• [EXERCISE INPUTS]
(* Let $\gamma\in(0,1)$, $\mathcal{S}=\{s_0,s_1\}$, $\mathcal{A}=\{a_0,a_1\}$, $d_0=(1/2,1/2)$, and $\mathcal{R}(s,a)=\mathbb{1}\{s=s_0,a=a_0\}+\mathbb{1}\{s=s_1,a=a_1\}$. Let $\hat\Pi=\{\pi_0,\pi_1,\pi_2\}$ where $\pi_0$ plays $a_0$ at both states, $\pi_1$ plays $a_0$ at $s_0$ and $a_1$ at $s_1$, and $\pi_2$ plays $a_1$ at $s_0$ and $a_0$ at $s_1$ (deterministically). Then: (i) for every transition model $\mathcal{T}$, the discounted visit counts $\mathcal{F}^{\pi_0}_{\mathcal{T}},\mathcal{F}^{\pi_1}_{\mathcal{T}},\mathcal{F}^{\pi_2}_{\mathcal{T}}$ are not collinear; (ii) for every transition model $\mathcal{T}$, $\frac{1}{1-\gamma}=J_{\mathcal{T}}(\pi_1)>J_{\mathcal{T}}(\pi_0)>J_{\mathcal{T}}(\pi_2)=0$. Consequently every pair of transition models is equivalent on $\hat\Pi$, so there is no pair of transition models that is non-trivial, non-equivalent and unexploitable on $\hat\Pi$ for this task.
   Context: Discounted visit counts: $\mathcal{F}^\pi_{\mathcal{T}}(s,a)=\mathbb{E}\big[\sum_{t\ge0}\gamma^t\mathbb{1}(s_t=s,a_t=a)\big]$ with $s_0\sim d_0$, $a_t\sim\pi(\cdot\mid s_t)$, $s_{t+1}\sim\mathcal{T}(\cdot\mid s_t,a_t)$; value $J_{\mathcal{T}}(\pi)=\langle\mathcal{R},\mathcal{F}^\pi_{\mathcal{T}}\rangle$. Collinear means all the vectors lie on a single line in $\mathbb{R}^{|\mathcal{S}||\mathcal{A}|}$. $J$ is trivial on $\Pi$ if constant on $\Pi$; $J_1,J_2$ are equivalent on $\Pi$ if for all $\pi,\pi'\in\Pi$, $J_1(\pi)\ge J_1(\pi')\iff J_2(\pi)\ge J_2(\pi')$. $(\mathcal{T},\mathcal{T}')$ is exploitable relative to $\Pi$ if there are $\pi,\pi'\in\Pi$ with $J_{\mathcal{T}}(\pi)>J_{\mathcal{T}}(\pi')$ and $J_{\mathcal{T}'}(\pi')>J_{\mathcal{T}'}(\pi)$; otherwise unexploitable. A pair of transition models is called non-trivial/non-equivalent on $\Pi$ if both induced value functions are non-trivial on $\Pi$ / they are not equivalent on $\Pi$. *)

theory Defs
  imports "HOL-Analysis.Analysis"
begin

datatype st = S0 | S1
datatype act = A0 | A1

lemma UNIV_st: "(UNIV :: st set) = {S0, S1}"
  using st.exhaust by auto

lemma UNIV_act: "(UNIV :: act set) = {A0, A1}"
  using act.exhaust by auto

instance st :: finite
  by standard (simp add: UNIV_st)

instance act :: finite
  by standard (simp add: UNIV_act)

definition valid_transition :: "(st \<Rightarrow> act \<Rightarrow> st \<Rightarrow> real) \<Rightarrow> bool" where
  "valid_transition T \<longleftrightarrow> (\<forall>s a s'. 0 \<le> T s a s') \<and> (\<forall>s a. (\<Sum>s'\<in>UNIV. T s a s') = 1)"

definition det_policy :: "(st \<Rightarrow> act) \<Rightarrow> st \<Rightarrow> act \<Rightarrow> real" where
  "det_policy f = (\<lambda>s a. if a = f s then 1 else 0)"

primrec state_dist :: "(st \<Rightarrow> real) \<Rightarrow> (st \<Rightarrow> act \<Rightarrow> st \<Rightarrow> real) \<Rightarrow> (st \<Rightarrow> act \<Rightarrow> real)
    \<Rightarrow> nat \<Rightarrow> st \<Rightarrow> real" where
  "state_dist d0 T pol 0 = d0"
| "state_dist d0 T pol (Suc t) =
     (\<lambda>s'. \<Sum>s\<in>UNIV. \<Sum>a\<in>UNIV. state_dist d0 T pol t s * pol s a * T s a s')"

definition visit_counts :: "real \<Rightarrow> (st \<Rightarrow> real) \<Rightarrow> (st \<Rightarrow> act \<Rightarrow> st \<Rightarrow> real)
    \<Rightarrow> (st \<Rightarrow> act \<Rightarrow> real) \<Rightarrow> st \<times> act \<Rightarrow> real" where
  "visit_counts \<gamma> d0 T pol = (\<lambda>(s, a). \<Sum>t. \<gamma> ^ t * (state_dist d0 T pol t s * pol s a))"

• [ACTIVITY] Please give the count of lines in the listing that include the string "auto", with no words around it.

• [SOLUTION TO THIS PROBLEM] 2